──────── Data for the task ────────
(* For every positive integer $n$ and every prime $p$, there exists $k_0$ such that for every integer $k\ge k_0$ the number $np^k$ satisfies Condition 1 with $p$ and another prime; that is, there is a prime $q\neq p$ such that for every integer $j$ with $1\le j\le np^k-1$, the binomial coefficient $\binom{np^k}{j}$ is divisible by $p$ or by $q$.
   Context: A positive integer $N$ satisfies Condition 1 with primes $p$ and $q$ if for all integers $j$ with $1\le j\le N-1$ the binomial coefficient $\binom{N}{j}$ is divisible by at least one of $p$ or $q$. *)

theory Defs
  imports "HOL-Computational_Algebra.Primes"
begin

definition condition1 :: "nat \<Rightarrow> nat \<Rightarrow> nat \<Rightarrow> bool" where
  "condition1 N p q \<longleftrightarrow>
     (\<forall>j::nat. 1 \<le> j \<and> j \<le> N - 1 \<longrightarrow> p dvd (N choose j) \<or> q dvd (N choose j))"

end

theory Submission imports Defs begin

(* Write N = n p^k. By Legendre's formula a prime r divides (N choose j) as soon as the addition
   j + (N - j) carries at some power r^e, i.e. r^e \<le> j mod r^e + (N - j) mod r^e.
   If p^k does not divide j, there is a carry at p^k. Otherwise j = i p^k with 0 < i < n.
   Once p^k \<ge> n^n, some prime power q^e > n divides p^k + 1, because a number all of whose
   prime-power parts are at most n has at most n of them and so is at most n^n. As
   p^k \<equiv> -1 (mod q^e), the residues of i p^k and (n - i) p^k are q^e - i and q^e - (n - i),
   whose sum is at least q^e: again a carry. *)

lemma add_div_carry_iff:
  fixes a b Q :: nat
  assumes "0 < Q"
  shows "a div Q + b div Q < (a + b) div Q \<longleftrightarrow> Q \<le> a mod Q + b mod Q"
  using assms by (simp add: div_add1_eq[of a b] div_greater_zero_iff)

lemma carry_if_dvd_add:
  fixes a b Q :: nat
  assumes "Q dvd a + b" and "\<not> Q dvd a"
  shows "Q \<le> a mod Q + b mod Q"
proof -
  have "(a mod Q + b mod Q) mod Q = 0"
    using assms(1) by (simp add: mod_add_eq)
  moreover have "0 < a mod Q"
    using assms(2) by (simp add: mod_eq_0_iff_dvd[symmetric] gr0I)
  ultimately show ?thesis
    by (metis add_gr_0 mod_less not_le neq0_conv)
qed

lemma mod_mult_add_self_if_dvd_Suc:
  fixes x c Q :: nat
  assumes "Q dvd x + 1" and "0 < c" and "c \<le> Q"
  shows "(c * x) mod Q + c = Q"
proof -
  have "Q dvd c * x + c"
    using dvd_mult[OF assms(1), of c] by (simp add: algebra_simps)
  then have "Q dvd (c * x) mod Q + c"
    using mod_add_left_eq[of "c * x" Q c] by (simp add: dvd_eq_mod_eq_0)
  then obtain t where t: "(c * x) mod Q + c = Q * t" ..
  have "0 < Q" using assms by simp
  then have "Q * t < Q * 2"
    using t mod_less_divisor[of Q "c * x"] assms(3) by linarith
  moreover have "0 < t" using t assms(2) by (metis add_gr_0 mult_0_right neq0_conv)
  ultimately have "t = 1" by simp
  with t show ?thesis by simp
qed

lemma carry_if_dvd_Suc:
  fixes x i j Q :: nat
  assumes "Q dvd x + 1" and "0 < i" and "0 < j" and "i + j \<le> Q"
  shows "Q \<le> (i * x) mod Q + (j * x) mod Q"
  using mod_mult_add_self_if_dvd_Suc[OF assms(1), of i] mod_mult_add_self_if_dvd_Suc[OF assms(1), of j] assms
  by linarith

lemma exponent_less_prime_power:
  fixes q e :: nat
  assumes "prime q"
  shows "e < q ^ e"
  using less_exp[of e] power_mono[OF prime_ge_2_nat[OF assms], of e] by linarith

lemma multiplicity_eq_count_dvd_powers:
  fixes q m M :: nat
  assumes "prime q" and "0 < m" and "m \<le> M"
  shows "multiplicity q m = (\<Sum>i=1..M. if q ^ i dvd m then 1 else 0)"
proof -
  have "multiplicity q m < q ^ multiplicity q m"
    using exponent_less_prime_power[OF assms(1)] .
  also have "\<dots> \<le> m"
    using multiplicity_dvd assms(2) by (rule dvd_imp_le)
  finally have "multiplicity q m \<le> M" using assms(3) by simp
  moreover have "q ^ i dvd m \<longleftrightarrow> i \<le> multiplicity q m" for i
    using assms(1,2) by (intro power_dvd_iff_le_multiplicity) auto
  ultimately have "{i \<in> {1..M}. q ^ i dvd m} = {1..multiplicity q m}"
    by (intro set_eqI) (simp only: mem_Collect_eq atLeastAtMost_iff, linarith)
  moreover have "(\<Sum>i=1..M. if q ^ i dvd m then 1 else 0) = card {i \<in> {1..M}. q ^ i dvd m}"
    by (simp add: sum.inter_filter[symmetric])
  ultimately show ?thesis by simp
qed

lemma legendre_multiplicity_fact:
  fixes q n M :: nat
  assumes "prime q" and "n \<le> M"
  shows "multiplicity q (fact n) = (\<Sum>i=1..M. n div q ^ i)"
  using assms(2)
proof (induction n)
  case 0
  then show ?case by simp
next
  case (Suc n)
  have "multiplicity q (fact (Suc n) :: nat) = multiplicity q (Suc n * fact n)"
    by (simp only: fact_Suc of_nat_id)
  also have "\<dots> = multiplicity q (Suc n) + multiplicity q (fact n :: nat)"
    using assms(1) by (intro prime_elem_multiplicity_mult_distrib) auto
  also have "\<dots> = (\<Sum>i=1..M. (if q ^ i dvd Suc n then 1 else 0) + n div q ^ i)"
    using Suc assms(1) by (simp add: multiplicity_eq_count_dvd_powers sum.distrib)
  also have "\<dots> = (\<Sum>i=1..M. Suc n div q ^ i)"
    using prime_gt_0_nat[OF assms(1)] by (intro sum.cong refl) (simp add: div_Suc mod_eq_0_iff_dvd)
  finally show ?case .
qed

lemma prime_dvd_choose_if_carry:
  fixes q e a b :: nat
  assumes "prime q" and carry: "q ^ e \<le> a mod q ^ e + b mod q ^ e"
  shows "q dvd (a + b choose a)"
proof -
  define M where "M = a + b"
  let ?legendre = "\<lambda>x. \<Sum>i=1..M. x div q ^ i"
  have carry_div: "a div q ^ e + b div q ^ e < M div q ^ e"
    using carry prime_gt_0_nat[OF assms(1)] unfolding M_def by (simp add: add_div_carry_iff)
  then have "e \<noteq> 0" by (cases "e = 0") (simp_all add: M_def)
  moreover have "e < q ^ e" using exponent_less_prime_power[OF assms(1)] .
  moreover have "q ^ e \<le> M"
    using carry_div by (metis div_less less_nat_zero_code not_le)
  ultimately have e: "e \<in> {1..M}" by simp
  have legendre: "multiplicity q (fact x :: nat) = ?legendre x" if "x \<le> M" for x
    using legendre_multiplicity_fact[OF assms(1) that] .
  have "multiplicity q (fact a :: nat) + multiplicity q (fact b :: nat) = ?legendre a + ?legendre b"
    by (simp add: legendre M_def)
  also have "\<dots> = (\<Sum>i\<in>{1..M}. a div q ^ i + b div q ^ i)"
    by (simp add: sum.distrib)
  also have "\<dots> < ?legendre M"
    using carry_div e by (intro sum_strict_mono_ex1) (auto simp: M_def div_add1_eq[of a b])
  also have "\<dots> = multiplicity q (fact M :: nat)"
    by (simp add: legendre)
  finally have "multiplicity q (fact a :: nat) + multiplicity q (fact b :: nat) < multiplicity q (fact M :: nat)" .
  moreover have "fact M = fact a * fact b * (M choose a)"
    using binomial_fact_lemma[of a M] by (simp add: M_def)
  then have "multiplicity q (fact M :: nat)
      = multiplicity q (fact a :: nat) + multiplicity q (fact b :: nat) + multiplicity q (M choose a)"
    using assms(1) by (simp add: prime_elem_multiplicity_mult_distrib M_def)
  ultimately have "0 < multiplicity q (M choose a)" by linarith
  then show ?thesis
    using not_dvd_imp_multiplicity_0 unfolding M_def by fastforce
qed

lemma exists_prime_power_dvd_gt:
  fixes n y :: nat
  assumes "0 < n" and "n ^ n < y"
  shows "\<exists>q e. prime q \<and> q ^ e dvd y \<and> n < q ^ e"
proof (rule ccontr)
  assume "\<not> ?thesis"
  then have small: "q ^ multiplicity q y \<le> n" if "q \<in> prime_factors y" for q
    using that by (meson in_prime_factors_imp_prime multiplicity_dvd not_le)
  have "prime_factors y \<subseteq> {1..n}"
  proof
    fix q assume q: "q \<in> prime_factors y"
    then have "prime q" "0 < multiplicity q y"
      by (auto simp: prime_factors_multiplicity)
    then have "q ^ 1 \<le> q ^ multiplicity q y"
      by (intro power_increasing) (simp_all add: Suc_le_eq prime_gt_0_nat)
    with small[OF q] \<open>prime q\<close> show "q \<in> {1..n}"
      by (simp add: Suc_le_eq prime_gt_0_nat)
  qed
  then have "card (prime_factors y) \<le> n"
    using card_mono[of "{1..n}"] by simp
  then have "(\<Prod>q \<in> prime_factors y. q ^ multiplicity q y) \<le> n ^ n"
    using small assms(1) by (intro prod_le_power) auto
  then have "y \<le> n ^ n"
    using prime_factorization_nat[of y] assms by simp
  with assms(2) show False by simp
qed

lemma condition1_mult_prime_power:
  fixes n p q k e :: nat
  assumes "prime p" and "prime q" and "q ^ e dvd p ^ k + 1" and "n \<le> q ^ e"
  shows "condition1 (n * p ^ k) p q"
  unfolding condition1_def
proof (intro allI impI)
  fix j assume j: "1 \<le> j \<and> j \<le> n * p ^ k - 1"
  show "p dvd (n * p ^ k choose j) \<or> q dvd (n * p ^ k choose j)"
  proof (cases "p ^ k dvd j")
    case False
    have sum: "j + (n * p ^ k - j) = n * p ^ k"
      using j by linarith
    have "p ^ k \<le> j mod p ^ k + (n * p ^ k - j) mod p ^ k"
      using False by (intro carry_if_dvd_add) (simp_all add: sum)
    then have "p dvd (j + (n * p ^ k - j) choose j)"
      by (rule prime_dvd_choose_if_carry[OF assms(1)])
    then show ?thesis by (simp add: sum)
  next
    case True
    then obtain i where i: "j = i * p ^ k" by (metis dvd_def mult.commute)
    with j have "0 < i" by (auto intro: gr0I)
    moreover
    from i j have "i * p ^ k < n * p ^ k" by linarith
    then have "i < n" by simp
    ultimately have "q ^ e \<le> (i * p ^ k) mod q ^ e + ((n - i) * p ^ k) mod q ^ e"
      using assms(3,4) by (intro carry_if_dvd_Suc) simp_all
    then have "q dvd (i * p ^ k + (n - i) * p ^ k choose (i * p ^ k))"
      by (rule prime_dvd_choose_if_carry[OF assms(2)])
    moreover have "i * p ^ k + (n - i) * p ^ k = n * p ^ k"
      using \<open>i < n\<close> by (simp add: add_mult_distrib[symmetric])
    ultimately show ?thesis using i by simp
  qed
qed

theorem mainTheorem1:
  fixes n p :: nat
  assumes "n > 0" and "prime p"
  shows "\<exists>k0::nat. \<forall>k::nat. k \<ge> k0 \<longrightarrow>
           (\<exists>q::nat. prime q \<and> q \<noteq> p \<and> condition1 (n * p ^ k) p q)"
proof (rule exI[of _ "n * n"], intro allI impI)
  fix k assume k: "n * n \<le> k"
  have "n ^ n \<le> (2 ^ n) ^ n"
    using less_exp[of n] by (simp add: power_mono)
  also have "\<dots> \<le> p ^ k"
    using k prime_ge_2_nat[OF assms(2)]
    by (simp add: power_mult[symmetric] order_trans[OF power_increasing power_mono])
  finally obtain q e where q: "prime q" "q ^ e dvd p ^ k + 1" "n < q ^ e"
    using exists_prime_power_dvd_gt[OF assms(1), of "p ^ k + 1"] by auto
  have "q \<noteq> p"
  proof
    assume "q = p"
    moreover have "0 < e" "0 < k" using q(3) k assms(1) by (auto intro: gr0I)
    ultimately have "p dvd p ^ k + 1" "p dvd p ^ k"
      using q(2) by (auto intro: dvd_trans[OF dvd_power])
    with assms(2) show False
      by (metis dvd_add_right_iff not_prime_unit)
  qed
  with q show "\<exists>q. prime q \<and> q \<noteq> p \<and> condition1 (n * p ^ k) p q"
    using condition1_mult_prime_power[OF assms(2)] by (meson less_imp_le)
qed

end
────────
__The task__
Copy out each line from the preceding entries that mentions the word "with".

__Task result__
(* For every positive integer $n$ and every prime $p$, there exists $k_0$ such that for every integer $k\ge k_0$ the number $np^k$ satisfies Condition 1 with $p$ and another prime; that is, there is a prime $q\neq p$ such that for every integer $j$ with $1\le j\le np^k-1$, the binomial coefficient $\binom{np^k}{j}$ is divisible by $p$ or by $q$.
   Context: A positive integer $N$ satisfies Condition 1 with primes $p$ and $q$ if for all integers $j$ with $1\le j\le N-1$ the binomial coefficient $\binom{N}{j}$ is divisible by at least one of $p$ or $q$. *)
   If p^k does not divide j, there is a carry at p^k. Otherwise j = i p^k with 0 < i < n.
  with t show ?thesis by simp
    with small[OF q] \<open>prime q\<close> show "q \<in> {1..n}"
  with assms(2) show False by simp
    with j have "0 < i" by (auto intro: gr0I)
    with assms(2) show False
  with q show "\<exists>q. prime q \<and> q \<noteq> p \<and> condition1 (n * p ^ k) p q"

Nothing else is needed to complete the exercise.